Task to complete: Extract precisely the lines of the entries below, from the first line through the line containing "text \<open>The variance".

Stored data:
▼
section \<open>The second Borel--Cantelli lemma for pairwise independent events\<close>

context prob_space
begin

lemma expectation_centered_indicators:
  assumes "A \<in> events" "B \<in> events"
  shows "integrable M (\<lambda>x. (indicator A x - prob A) * (indicator B x - prob B) :: real)"
    and "expectation (\<lambda>x. (indicator A x - prob A) * (indicator B x - prob B))
      = prob (A \<inter> B) - prob A * prob B"
proof -
  have expand: "(indicator A x - prob A) * (indicator B x - prob B)
      = indicator (A \<inter> B) x - prob B * indicator A x - prob A * indicator B x + prob A * prob B"
    for x :: 'a
    by (simp add: indicator_inter_arith algebra_simps)
  have [simp]: "integrable M (indicator C :: 'a \<Rightarrow> real)" if "C \<in> events" for C
    using that by (intro integrable_real_indicator) (auto simp: emeasure_eq_measure)
  show "integrable M (\<lambda>x. (indicator A x - prob A) * (indicator B x - prob B) :: real)"
    unfolding expand using assms by simp
  show "expectation (\<lambda>x. (indicator A x - prob A) * (indicator B x - prob B))
      = prob (A \<inter> B) - prob A * prob B"
    unfolding expand using assms by (simp add: prob_space)
qed

text \<open>The variance of the number of occurring events is at most \<open>s\<close>, and on the
  event that none occurs, this number deviates from its mean by \<open>s\<close>.\<close>
lemma prob_none_pairwise_independent:
  assumes ev: "\<And>i. Ev i \<in> events"
    and indep: "\<And>i j. i \<noteq> j \<Longrightarrow> prob (Ev i \<inter> Ev j) = prob (Ev i) * prob (Ev j)"
    and F: "finite F"
  defines "s \<equiv> (\<Sum>i\<in>F. prob (Ev i))"
  shows "s\<^sup>2 * prob {x \<in> space M. \<forall>i\<in>F. x \<notin> Ev i} \<le> s"
proof -
  define c where "c i x = indicator (Ev i) x - prob (Ev i)" for i x
  define none where "none = {x \<in> space M. \<forall>i\<in>F. x \<notin> Ev i}"
  have none: "none \<in> events"
    unfolding none_def using ev F by measurable
  have square: "(\<Sum>i\<in>F. c i x)\<^sup>2 = (\<Sum>i\<in>F. \<Sum>j\<in>F. c i x * c j x)" for x
    by (simp add: power2_eq_square sum_product)
  have integrable_cc: "integrable M (\<lambda>x. c i x * c j x)" for i j
    unfolding c_def by (rule expectation_centered_indicators(1)[OF ev ev])
  have "s\<^sup>2 * prob none = expectation (\<lambda>x. s\<^sup>2 * indicator none x)"
    using none by simp
  also have "\<dots> \<le> expectation (\<lambda>x. (\<Sum>i\<in>F. c i x)\<^sup>2)"
  proof (rule integral_mono)
    show "integrable M (\<lambda>x. s\<^sup>2 * indicator none x)"
      using none by (intro integrable_mult_right integrable_real_indicator) (auto simp: emeasure_eq_measure)
    show "integrable M (\<lambda>x. (\<Sum>i\<in>F. c i x)\<^sup>2)"
      unfolding square using integrable_cc by auto
    show "s\<^sup>2 * indicator none x \<le> (\<Sum>i\<in>F. c i x)\<^sup>2" for x
    proof (cases "x \<in> none")
      case True
      then have "(\<Sum>i\<in>F. c i x) = - s"
        by (simp add: c_def s_def none_def sum_negf[symmetric])
      then show ?thesis using True by simp
    qed simp
  qed
  also have "\<dots> = (\<Sum>i\<in>F. \<Sum>j\<in>F. expectation (\<lambda>x. c i x * c j x))"
    unfolding square by (simp add: integrable_cc)
  also have "\<dots> = (\<Sum>i\<in>F. \<Sum>j\<in>F. prob (Ev i \<inter> Ev j) - prob (Ev i) * prob (Ev j))"
    unfolding c_def by (simp add: expectation_centered_indicators(2)[OF ev ev])
  also have "\<dots> = (\<Sum>i\<in>F. \<Sum>j\<in>F. if i = j then prob (Ev i) - (prob (Ev i))\<^sup>2 else 0)"
    by (intro sum.cong refl) (simp add: indep power2_eq_square)
  also have "\<dots> = (\<Sum>i\<in>F. prob (Ev i) - (prob (Ev i))\<^sup>2)"
    using F by simp
  also have "\<dots> \<le> s"
    unfolding s_def by (intro sum_mono) simp
  finally show ?thesis unfolding none_def .
qed

text \<open>If the probabilities of pairwise independent events are not summable, then almost
  surely some event occurs after any given index \<open>m\<close>: by the Chebyshev-type bound, the
  probability that none of \<open>Ev m, \<dots>, Ev (N - 1)\<close> occurs is at most the reciprocal of
  their probability sum, which is unbounded in \<open>N\<close>.\<close>
lemma prob_none_after_pairwise_independent:
  assumes ev: "\<And>n. Ev n \<in> events"
    and indep: "\<And>i j. i \<noteq> j \<Longrightarrow> prob (Ev i \<inter> Ev j) = prob (Ev i) * prob (Ev j)"
    and diverges: "\<not> summable (\<lambda>n. prob (Ev n))"
  shows "prob (space M - (\<Union>n\<in>{m..}. Ev n)) = 0"
proof -
  define none where "none = space M - (\<Union>n\<in>{m..}. Ev n)"
  have small: "prob none \<le> e" if "e > 0" for e
  proof -
    have "\<not> (\<forall>N. (\<Sum>i<N. prob (Ev i)) \<le> (\<Sum>i<m. prob (Ev i)) + 1 / e)"
      using diverges summableI_nonneg_bounded[of "\<lambda>n. prob (Ev n)"] by (meson measure_nonneg)
    then obtain N where N: "(\<Sum>i<m. prob (Ev i)) + 1 / e < (\<Sum>i<N. prob (Ev i))"
      by (auto simp: not_le)
    have "0 < 1 / e" using \<open>e > 0\<close> by simp
    define s where "s = (\<Sum>i\<in>{m..<N}. prob (Ev i))"
    have "m \<le> N"
    proof (rule ccontr)
      assume "\<not> m \<le> N"
      then have "(\<Sum>i<N. prob (Ev i)) \<le> (\<Sum>i<m. prob (Ev i))"
        by (intro sum_mono2) auto
      with N \<open>0 < 1 / e\<close> show False by linarith
    qed
    then have "(\<Sum>i<N. prob (Ev i)) = (\<Sum>i<m. prob (Ev i)) + s"
      unfolding s_def by (metis atLeast0LessThan sum.atLeastLessThan_concat zero_le)
    then have s: "1 / e < s" "0 < s" using N \<open>0 < 1 / e\<close> by linarith+
    have "prob none \<le> prob {x \<in> space M. \<forall>i\<in>{m..<N}. x \<notin> Ev i}"
      unfolding none_def using ev by (intro finite_measure_mono) auto
    also have "\<dots> \<le> 1 / s"
      using prob_none_pairwise_independent[where Ev=Ev and F="{m..<N}", OF ev indep] s
      unfolding s_def by (simp add: field_simps power2_eq_square)
    also have "\<dots> \<le> e"
      using s \<open>e > 0\<close> by (simp add: field_simps)
    finally show ?thesis .
  qed
  show ?thesis
    using small[of "prob none / 2"] measure_nonneg[of M none] unfolding none_def by linarith
qed

lemma pairwise_independent_borel_cantelli:
  assumes ev: "\<And>n. Ev n \<in> events"
    and indep: "\<And>i j. i \<noteq> j \<Longrightarrow> prob (Ev i \<inter> Ev j) = prob (Ev i) * prob (Ev j)"
    and diverges: "\<not> summable (\<lambda>n. prob (Ev n))"
  shows "emeasure M (limsup Ev) = 1"
proof -
  have "AE x in M. \<exists>n\<ge>m. x \<in> Ev n" for m
  proof -
    have "AE x in M. x \<notin> space M - (\<Union>n\<in>{m..}. Ev n)"
      using prob_none_after_pairwise_independent[where Ev=Ev, OF ev indep diverges] ev
      by (subst prob_eq_0[symmetric]) measurable
    with AE_space show ?thesis by eventually_elim auto
  qed
  then have "AE x in M. \<forall>m. \<exists>n\<ge>m. x \<in> Ev n"
    by (simp add: AE_all_countable)
  then have "AE x in M. x \<in> limsup Ev"
    by (simp add: mem_limsup_iff frequently_sequentially)
  then show ?thesis
    using ev by (intro emeasure_eq_1_AE) measurable
qed

end

section \<open>The zero--one law for Borel targets\<close>

lemma summable_measure_iff:
  assumes "\<And>n. emeasure M (A n) \<noteq> \<infinity>"
  shows "summable (\<lambda>n. measure M (A n)) \<longleftrightarrow> (\<Sum>n. emeasure M (A n)) < \<infinity>"
proof -
  have "(\<Sum>n. emeasure M (A n)) = (\<Sum>n. ennreal (measure M (A n)))"
    using emeasure_eq_ennreal_measure[OF assms[unfolded infinity_ennreal_def]] by simp
  moreover have "summable (\<lambda>n. measure M (A n)) \<longleftrightarrow> (\<Sum>n. ennreal (measure M (A n))) \<noteq> top"
    using summable_suminf_not_top[of "\<lambda>n. measure M (A n)"]
      ennreal_suminf_neq_top[of "\<lambda>n. measure M (A n)"] by (metis measure_nonneg)
  ultimately show ?thesis
    by (simp only: infinity_ennreal_def less_top)
qed

lemma emeasure_hit_set_finite:
  fixes S :: "(real ^ 'n) set"
  assumes "S \<in> sets borel" "S \<subseteq> unit_cube"
  shows "emeasure lborel (hit_set q S) \<noteq> \<infinity>"
  using emeasure_subset_unit_cube[OF assms(2,1)] unfolding emeasure_hit_set[OF assms]
  by (metis ennreal_one_neq_top infinity_ennreal_def neq_top_trans)

lemma emeasure_limsup_hit_sets_0:
  fixes T :: "nat \<Rightarrow> (real ^ 'n) set" and qs :: "nat \<Rightarrow> int"
  assumes T: "\<And>n. T n \<in> sets borel" "\<And>n. T n \<subseteq> unit_cube"
    and converges: "(\<Sum>n. emeasure lborel (T n)) < \<infinity>"
  shows "emeasure lborel (limsup (\<lambda>n. hit_set (qs n) (T n))) = 0"
proof -
  have "summable (\<lambda>n. measure lborel (hit_set (qs n) (T n)))"
    using converges emeasure_hit_set_finite[OF T] emeasure_hit_set[OF T]
    by (subst summable_measure_iff) simp_all
  then have "limsup (\<lambda>n. hit_set (qs n) (T n)) \<in> null_sets lborel"
    using emeasure_hit_set_finite[OF T] T
    by (intro borel_cantelli_limsup1) (auto simp: less_top)
  then show ?thesis by auto
qed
▲
Response:
section \<open>The second Borel--Cantelli lemma for pairwise independent events\<close>

context prob_space
begin

lemma expectation_centered_indicators:
  assumes "A \<in> events" "B \<in> events"
  shows "integrable M (\<lambda>x. (indicator A x - prob A) * (indicator B x - prob B) :: real)"
    and "expectation (\<lambda>x. (indicator A x - prob A) * (indicator B x - prob B))
      = prob (A \<inter> B) - prob A * prob B"
proof -
  have expand: "(indicator A x - prob A) * (indicator B x - prob B)
      = indicator (A \<inter> B) x - prob B * indicator A x - prob A * indicator B x + prob A * prob B"
    for x :: 'a
    by (simp add: indicator_inter_arith algebra_simps)
  have [simp]: "integrable M (indicator C :: 'a \<Rightarrow> real)" if "C \<in> events" for C
    using that by (intro integrable_real_indicator) (auto simp: emeasure_eq_measure)
  show "integrable M (\<lambda>x. (indicator A x - prob A) * (indicator B x - prob B) :: real)"
    unfolding expand using assms by simp
  show "expectation (\<lambda>x. (indicator A x - prob A) * (indicator B x - prob B))
      = prob (A \<inter> B) - prob A * prob B"
    unfolding expand using assms by (simp add: prob_space)
qed

text \<open>The variance of the number of occurring events is at most \<open>s\<close>, and on the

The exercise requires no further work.